U.S. State Department Releases Review of China's S. China Sea Claims
The U.S. State Department's ocean boundaries department has issued a comprehensive outline of the U.S. government's views of China's maritime claims in the South China Sea.
The South China Sea is a large, semi-enclosed sea surrounded by Brunei, China, Indonesia, Malaysia, the Philippines, Singapore, Taiwan and Vietnam. China claims sovereignty over the vast majority of the body of water under its sweeping "nine-dash-line" and "Four Sha" policies, including areas located hundreds of nautical miles from Chinese shores. The Permanent Court of Arbitration in the Hague rejected these claims in a landmark ruling in 2016, but China has broadly ignored the court's decision and has worked to shore up its regional presence, creating militarized island outposts and enlarging its maritime militia.
The 47-page State Department report is the latest in a long series of "Limits in the Seas" position papers, which are compiled and issued by the department's Bureau of Oceans and International Environmental and Scientific Affairs. The last time that the bureau published a paper on China's maritime claims was in 2014, and the new report is twice as long, reflecting the many changes over the past eight years.
In the study, the bureau lays out a detailed review of current U.S. policy on South China Sea maritime claims. It asserts that Beijing’s claims to sovereignty over more than one hundred land features that disappear below the sea surface at high tide are invalid, as they are not subject to any national claim. This means that they are not capable of generating any of the maritime zones that extend from a nation's shoreline, such as a territorial sea or an EEZ.

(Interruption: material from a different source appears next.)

(* Let $\varepsilon>0$, $\Omega\subset\mathbb{R}^2$ bounded open, $u\in\mathcal{SF}_\varepsilon(\Omega)$ and $R\in\mathcal{R}_\varepsilon(u)$, and assume $u(\mathcal{L}_\varepsilon(R))$ contains four points. If $i,j\in\mathcal{L}_\varepsilon$ are such that $[i,j]\subset R$ is an edge of $\mathcal{E}_\varepsilon$ and $u(i)\notin\{u(j),-u(j)\}$, then $[i,j]$ is a boundary edge of $R$.
   Context: $\mathcal{L}=\{ae_1+b\hat e_2:a,b\in\mathbb{Z}\}$ with $e_1=(1,0)$, $\hat e_2=\frac12(1,\sqrt3)$, $\mathcal{L}_\varepsilon=\varepsilon\mathcal{L}$, $\mathcal{L}_\varepsilon(R)=\mathcal{L}_\varepsilon\cap R$; $\mathcal{T}_\varepsilon$ is the set of closed triangles with vertices in $\mathcal{L}_\varepsilon$ pairwise at distance $\varepsilon$; $\mathcal{E}_\varepsilon$ the set of segments $[i,j]$, $i,j\in\mathcal{L}_\varepsilon$, $|i-j|=\varepsilon$. $n=(0,0,1)$; $\mathcal{SF}_\varepsilon(\Omega)$ is the set of $u:\mathcal{L}_\varepsilon\to\mathbb{S}^2$ with $u=n$ on $\mathcal{L}_\varepsilon\setminus\Omega$. $\mathcal{N}_\varepsilon(u)=\{[i,j]\in\mathcal{E}_\varepsilon:u(i)=-u(j)\}$, $\mathcal{C}_\varepsilon(u)=\mathcal{E}_\varepsilon\setminus\mathcal{N}_\varepsilon(u)$. Two triangles of $\mathcal{T}_\varepsilon$ are neighbours if their intersection is an edge in $\mathcal{N}_\varepsilon(u)$, and connected if joined by a finite chain of consecutive neighbours. $\mathcal{R}_\varepsilon(u)$ is the set of admissible interpolation regions: unions of pairwise connected triangles of $\mathcal{T}_\varepsilon$ that are maximal with respect to inclusion. A boundary edge of $R$ is an edge $[i,j]\in\mathcal{C}_\varepsilon(u)$ which is the common edge of a triangle $T\subseteq R$ and a triangle $T'\in\mathcal{T}_\varepsilon$ with $T'\subseteq\mathbb{R}^2\setminus\mathrm{int}(R)$. *)

theory Defs
  imports "HOL-Analysis.Analysis"
begin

The State Department also dismisses China's use of straight baselines to enclose large swaths of the South China Sea within the bounds of its own territorial seas. "None of the four 'island groups' claimed by the PRC in the South China Sea . . . meet the geographic criteria for using straight baselines under [UNCLOS]," the bureau noted. The question is newly relevant because of China's developing interest in using island-based claims as the basis for its jurisdiction over the waters of the South China Sea, a retreat from its historic reliance on the 1947 "nine-dash line" chart created by Kuomintang cartographers.
U.S. Department of State
The bureau also dismisses China's assertion that it has “historic rights” to waters in the South China Sea, noting that there is no such category in UNCLOS.

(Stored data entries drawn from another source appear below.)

lemma profile_eq:
  assumes global: "image_mset (wlB r) (mset_set VB) = image_mset (wlA r) (mset_set VA)" and "Suc s < r"
    and u: "u \<in> G.V" and u': "u' \<in> H.V" and key: "G.round_key (Suc s) u = H.round_key (Suc s) u'"
  shows "image_mset (profile_G s u) (mset_set G.V) = image_mset (profile_H s u') (mset_set H.V)"
proof -
  have "profile_G s u (gadget_vertex p) = profile_H s u' (gadget_vertex p)" if p: "p \<in> gadget_index m" for p
    using G.gadget_vertex_eq_iff_round_key[OF p u, of "Suc s"] H.gadget_vertex_eq_iff_round_key[OF p u', of "Suc s"]
    by (simp add: key p G.round_key_gadget_vertex H.round_key_gadget_vertex
        G.copy_adj_gadget_vertex H.copy_adj_gadget_vertex)
  hence "image_mset (profile_G s u \<circ> gadget_vertex) (mset_set (gadget_index m))
      = image_mset (profile_H s u' \<circ> gadget_vertex) (mset_set (gadget_index m))"
    using finite_gadget_index by (intro image_mset_cong) simp
  moreover have "image_mset (wlB (Suc s)) (mset_set VB) = image_mset (wlA (Suc s)) (mset_set VA)"
    using cr_mset_eq_le[OF global] \<open>Suc s < r\<close> by simp
  ultimately show ?thesis
    using profile_left_eq[OF key u u'] profile_right_eq[OF key u u']
      image_mset_constr_V[OF G.A.finite_V G.B.finite_V, of "profile_G s u" m]
      image_mset_constr_V[OF G.A.finite_V G.A.finite_V, of "profile_H s u'" m]
    by simp
qed

lemma omega_eq:
  assumes "G.marked_adj_B = H.marked_adj_B" and "card G.V = card H.V"
    and global: "image_mset (wlB r) (mset_set VB) = image_mset (wlA r) (mset_set VA)"
  shows "s < r \<Longrightarrow> u \<in> G.V \<Longrightarrow> u' \<in> H.V \<Longrightarrow> G.round_key s u = H.round_key s u'
     \<Longrightarrow> omega G.V G.E s u = omega H.V H.E s u'"
proof (induction s arbitrary: u u')
  case 0
  have "G.vtype_of u = H.vtype_of u'" by (rule vtype_of_eq_if_round_key_eq[OF 0(2,3,4)])
  hence "wstar G.V G.E u u = wstar H.V H.E u' u'"
    unfolding wstar_def assms(2) using walks_eq[OF assms(1) 0(2) 0(2) 0(3) 0(3)]
    by (simp add: G.copy_adj_irrefl H.copy_adj_irrefl)
  thus ?case by simp
next
  case (Suc s)
  have vtype: "G.vtype_of u = H.vtype_of u'" by (rule vtype_of_eq_if_round_key_eq[OF Suc(3,4,5)])
  have "omega G.V G.E s u = omega H.V H.E s u'"
    using Suc.IH[OF _ Suc(3,4) round_key_eq_Suc_imp[OF Suc(5)]] Suc(2) by simp
  moreover have "image_mset (\<lambda>y. (wstar G.V G.E u y, omega G.V G.E s y)) (mset_set G.V)
      = image_mset (\<lambda>y. (wstar H.V H.E u' y, omega H.V H.E s y)) (mset_set H.V)"
  proof (rule image_mset_eq_transfer[OF G.finite_V H.finite_V profile_eq[OF global Suc(2,3,4,5)]])
    fix y y' assume y: "y \<in> G.V" and y': "y' \<in> H.V" and eq: "profile_G s u y = profile_H s u' y'"
    have "G.vtype_of y = H.vtype_of y'" by (rule vtype_of_eq_if_round_key_eq[OF y y', of s]) (use eq in simp)
    moreover have "G.copy_adj y u = H.copy_adj y' u'"
      using eq G.copy_adj_sym H.copy_adj_sym by simp
    ultimately have "wstar G.V G.E u y = wstar H.V H.E u' y'"
      unfolding wstar_def assms(2) using walks_eq[OF assms(1) Suc(3) y Suc(4) y' vtype] eq by auto
    moreover have "omega G.V G.E s y = omega H.V H.E s y'"
      using Suc.IH[OF _ y y'] Suc(2) eq by simp
    ultimately show "(wstar G.V G.E u y, omega G.V G.E s y) = (wstar H.V H.E u' y', omega H.V H.E s y')"
      by simp
  qed
  ultimately show ?case by simp
qed

lemma marked_adj_B_eq:
  assumes global: "image_mset (wlB r) (mset_set VB) = image_mset (wlA r) (mset_set VA)" and "1 \<le> r"
  shows "G.marked_adj_B = H.marked_adj_B"
proof -
  have global1: "image_mset (wlB 1) (mset_set VB) = image_mset (wlA 1) (mset_set VA)"
    by (rule cr_mset_eq_le[OF global \<open>1 \<le> r\<close>])
  have wl1_marked: "wlB 1 (b j) = wlA 1 (a j)" if "1 \<le> j" "j \<le> m" for j
  proof -
    have "wlA 1 (a j) \<in># image_mset (wlB 1) (mset_set VB)"
      using global1 G.A.marked_in_V[OF that] G.A.finite_V by simp
    then obtain y where y: "y \<in> VB" "wlB 1 y = wlA 1 (a j)" using G.B.finite_V by auto
    hence "col_of b m y = j"
      using G.B.round1_colour_cr[of y] G.A.round1_colour_cr[of "a j"] that by simp
    thus ?thesis using y that by simp
  qed
  show ?thesis
  proof (intro ext)
    fix i j
    show "G.marked_adj_B i j = H.marked_adj_B i j"
    proof (cases "1 \<le> i \<and> i \<le> m \<and> 1 \<le> j \<and> j \<le> m")
      case True
      hence "round1_nbr_colours (wlB 1 (b j)) = round1_nbr_colours (wlA 1 (a j))"
        using wl1_marked[of j] by (simp del: cr.simps)
      hence "{i\<in>{1..m}. EB (b i) (b j)} = {i\<in>{1..m}. EA (a i) (a j)}"
        using True by (simp only: G.B.round1_nbr_colours_cr[OF G.B.marked_in_V]
            G.A.round1_nbr_colours_cr[OF G.A.marked_in_V])
      thus ?thesis using True by (auto simp: set_eq_iff)
    qed auto
  qed
qed

lemma omega_ms_eq:
  assumes global: "image_mset (wlB r) (mset_set VB) = image_mset (wlA r) (mset_set VA)" and "1 \<le> r"
  shows "omega_ms G.V G.E (r - 1) = omega_ms H.V H.E (r - 1)"
proof -
  obtain s where r: "r = Suc s" using \<open>1 \<le> r\<close> by (cases r) auto
  have "image_mset (G.round_key s \<circ> RV) (mset_set VB)
      = image_mset (\<lambda>c. Inl (True, c)) (image_mset (wlB r) (mset_set VB))"
    by (simp add: G.round_key_def comp_def image_mset.compositionality r del: cr.simps)
  moreover have "image_mset (H.round_key s \<circ> RV) (mset_set VA)
      = image_mset (\<lambda>c. Inl (True, c)) (image_mset (wlA r) (mset_set VA))"
    by (simp add: H.round_key_def comp_def image_mset.compositionality r del: cr.simps)
  moreover have "image_mset (G.round_key s \<circ> gadget_vertex) (mset_set (gadget_index m))
      = image_mset (H.round_key s \<circ> gadget_vertex) (mset_set (gadget_index m))"
    using finite_gadget_index G.round_key_gadget_vertex H.round_key_gadget_vertex
    by (intro image_mset_cong) simp
  ultimately have keys: "image_mset (G.round_key s) (mset_set G.V) = image_mset (H.round_key s) (mset_set H.V)"
    using global image_mset_constr_V[OF G.A.finite_V G.B.finite_V, of "G.round_key s" m]
      image_mset_constr_V[OF G.A.finite_V G.A.finite_V, of "H.round_key s" m]
    by (simp add: G.round_key_def H.round_key_def comp_def)
  have "size (image_mset (G.round_key s) (mset_set G.V)) = size (image_mset (H.round_key s) (mset_set H.V))"
    using keys by simp
  hence "card G.V = card H.V" by simp
  show ?thesis unfolding omega_ms_def r diff_Suc_1
    by (rule image_mset_eq_transfer[OF G.finite_V H.finite_V keys])
      (use omega_eq[OF marked_adj_B_eq[OF global \<open>1 \<le> r\<close>] \<open>card G.V = card H.V\<close> global] r in simp)
qed

end

section \<open>Colour refinement: part (1)\<close>

fun wlc_nbrs :: "wlc \<Rightarrow> wlc multiset" where
  "wlc_nbrs (WLStep _ M) = M"
| "wlc_nbrs (WLInit _) = {#}"

definition wlc_degree :: "wlc \<Rightarrow> nat" where
  "wlc_degree \<gamma> = size (wlc_nbrs \<gamma>)"

definition connector_like :: "wlc \<Rightarrow> bool" where
  "connector_like \<gamma> \<longleftrightarrow> 3 \<le> wlc_degree \<gamma> \<and> 1 \<in># image_mset wlc_degree (wlc_nbrs \<gamma>)"

definition pendant_like :: "wlc \<Rightarrow> bool" where
  "pendant_like \<gamma> \<longleftrightarrow> wlc_degree \<gamma> = 1 \<and> (\<exists>e\<in>#image_mset wlc_degree (wlc_nbrs \<gamma>). 3 \<le> e)"

text \<open>A connecting vertex \<open>c_i\<close> has degree \<open>i + 2\<close>, so the degree of the connecting neighbour
  of an original vertex recovers its colour.\<close>

definition marked_label :: "wlc \<Rightarrow> nat" where
  "marked_label \<gamma> = (if \<exists>\<delta>\<in>#wlc_nbrs \<gamma>. connector_like \<delta>
     then wlc_degree (SOME \<delta>. \<delta> \<in># wlc_nbrs \<gamma> \<and> connector_like \<delta>) - 2 else 0)"

definition present_values :: "'x option multiset \<Rightarrow> 'x multiset" where
  "present_values M = image_mset the (filter_mset (\<lambda>p. p \<noteq> None) M)"

lemma present_values_Some_None:
  "present_values (image_mset (\<lambda>x. Some (f x)) N + image_mset (\<lambda>_. None) K) = image_mset f N"
  unfolding present_values_def by (simp add: filter_mset_image_mset image_mset.compositionality comp_def)

context construction
begin

abbreviation "wlG \<equiv> cr V E (\<lambda>_. 0)"
abbreviation "deg z \<equiv> card (nbrs V E z)"

definition is_orig :: "('a, 'b) cv \<Rightarrow> bool" where
  "is_orig u \<longleftrightarrow> (\<exists>x\<in>VA. u = LV x) \<or> (\<exists>y\<in>VB. u = RV y)"

lemma wlc_degree_wlG: "wlc_degree (wlG (Suc j) u) = deg u"
  by (simp add: wlc_degree_def)

lemma wlc_nbrs_wlG: "wlc_nbrs (wlG (Suc j) u) = image_mset (wlG j) (mset_set (nbrs V E u))"
  by simp

lemma nbr_degrees_wlG: "image_mset wlc_degree (wlc_nbrs (wlG (Suc (Suc j)) u)) = image_mset deg (mset_set (nbrs V E u))"
  by (simp only: wlc_nbrs_wlG image_mset.compositionality comp_def wlc_degree_wlG)

lemma connector_like_wlG:
  "connector_like (wlG (Suc (Suc j)) u) \<longleftrightarrow> 3 \<le> deg u \<and> (\<exists>z\<in>nbrs V E u. deg z = 1)"
  unfolding connector_like_def nbr_degrees_wlG using finite_nbrs[of u]
  by (auto simp: wlc_degree_wlG image_iff simp del: cr.simps) metis

lemma pendant_like_wlG:
  "pendant_like (wlG (Suc (Suc j)) u) \<longleftrightarrow> deg u = 1 \<and> (\<exists>z\<in>nbrs V E u. 3 \<le> deg z)"
  unfolding pendant_like_def nbr_degrees_wlG using finite_nbrs[of u]
  by (auto simp: wlc_degree_wlG simp del: cr.simps)

lemma deg_orig:
  assumes "is_orig u"
  shows "d \<le> deg u" "deg u \<le> d + 1"
  using assms unfolding is_orig_def by (auto simp: card_nbrs_LV card_nbrs_RV)

lemma nbrs_orig:
  assumes "is_orig u" "z \<in> nbrs V E u"
  shows "is_orig z \<or> (deg u = d + 1 \<and> (\<exists>i. 1 \<le> i \<and> i \<le> m \<and> z = CV i))"
proof -
  from assms(1) consider (left) x where "x \<in> VA" "u = LV x" | (right) y where "y \<in> VB" "u = RV y"
    unfolding is_orig_def by blast
  thus ?thesis
  proof cases
    case (left x)
    thus ?thesis
      using assms(2) nbrs_LV_col[OF left(1)] card_nbrs_LV[OF left(1)] A.col_of_nonzero[of x]
        nbrs_subset[of VA EA x]
      by (cases "col_of a m x = 0") (auto simp: is_orig_def)
  next
    case (right y)
    thus ?thesis
      using assms(2) nbrs_RV_col[OF right(1)] card_nbrs_RV[OF right(1)] B.col_of_nonzero[of y]
        nbrs_subset[of VB EB y]
      by (cases "col_of b m y = 0") (auto simp: is_orig_def)
  qed
qed

lemma deg_nbr_orig:
  assumes "is_orig u" "z \<in> nbrs V E u"
  shows "(d \<le> deg z \<and> deg z \<le> d + 1) \<or> 3 \<le> deg z"
  using nbrs_orig[OF assms] deg_orig[of z] card_nbrs_CV by force

lemma orig_not_connector:
  assumes "is_orig u"
  shows "\<not> (3 \<le> deg u \<and> (\<exists>z\<in>nbrs V E u. deg z = 1))"
  using deg_orig(2)[OF assms] deg_nbr_orig[OF assms] by fastforce

lemma orig_not_pendant:
  assumes "is_orig u" "1 \<le> d"
  shows "\<not> (deg u = 1 \<and> (\<exists>z\<in>nbrs V E u. 3 \<le> deg z))"
proof
  assume "deg u = 1 \<and> (\<exists>z\<in>nbrs V E u. 3 \<le> deg z)"
  then obtain z where "deg u = 1" "z \<in> nbrs V E u" "3 \<le> deg z" by blast
  moreover from this have "d = 1" using deg_orig(1)[OF assms(1)] assms(2) by simp
  ultimately show False using nbrs_orig[OF assms(1)] deg_orig(2)[of z] by fastforce
qed

lemma connector_like_iff:
  assumes "u \<in> V" "1 \<le> d"
  shows "connector_like (wlG (Suc (Suc j)) u) \<longleftrightarrow> (\<exists>i. u = CV i)"
proof (cases u)
  case (CV i)
  hence i: "1 \<le> i" "i \<le> m" using assms(1) by simp_all
  have "PV i 1 \<in> nbrs V E u" "deg (PV i 1) = 1" "3 \<le> deg u"
    using CV nbrs_CV[OF i] card_nbrs_PV card_nbrs_CV[OF i] i by auto
  thus ?thesis using CV connector_like_wlG by blast
next
  case (PV i k)
  thus ?thesis using assms(1) connector_like_wlG card_nbrs_PV by simp
next
  case (LV x)
  hence "is_orig u" using assms(1) by (simp add: is_orig_def)
  thus ?thesis using LV orig_not_connector connector_like_wlG by simp
next
  case (RV y)
  hence "is_orig u" using assms(1) by (simp add: is_orig_def)
  thus ?thesis using RV orig_not_connector connector_like_wlG by simp
qed

lemma pendant_like_iff:
  assumes "u \<in> V" "1 \<le> d"
  shows "pendant_like (wlG (Suc (Suc j)) u) \<longleftrightarrow> (\<exists>i k. u = PV i k)"
proof (cases u)
  case (CV i)
  thus ?thesis using assms(1) pendant_like_wlG card_nbrs_CV by simp
next
  case (PV i k)
  hence ik: "1 \<le> i" "i \<le> m" "1 \<le> k" "k \<le> i" using assms(1) by simp_all
  have "deg u = 1" "CV i \<in> nbrs V E u" "3 \<le> deg (CV i)"
    using PV nbrs_PV[OF ik] card_nbrs_PV[OF ik] card_nbrs_CV ik by auto
  thus ?thesis using PV pendant_like_wlG by blast
next
  case (LV x)
  hence "is_orig u" using assms(1) by (simp add: is_orig_def)
  thus ?thesis using LV orig_not_pendant[OF _ assms(2)] pendant_like_wlG by simp
next
  case (RV y)
  hence "is_orig u" using assms(1) by (simp add: is_orig_def)
  thus ?thesis using RV orig_not_pendant[OF _ assms(2)] pendant_like_wlG by simp
qed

“The overall effect of these maritime claims is that the PRC (People’s Republic of China) unlawfully claims sovereignty or some form of exclusive jurisdiction over most of the South China Sea. These claims gravely undermine the rule of law in the oceans and numerous universally-recognized provisions of international law,” said the bureau.
In a response issued Thursday, Chinese Foreign Ministry spokesman Wang Wenbin reiterated China's views on the ownership of the South China Sea. "The media note and study of the US side misrepresent international law to mislead the public, confuse right with wrong and upset the regional situation," Wenbin said. "China’s Nanhai Zhudao [South China Sea Islands] has internal waters, territorial sea, contiguous zone, Exclusive Economic Zone and continental shelf."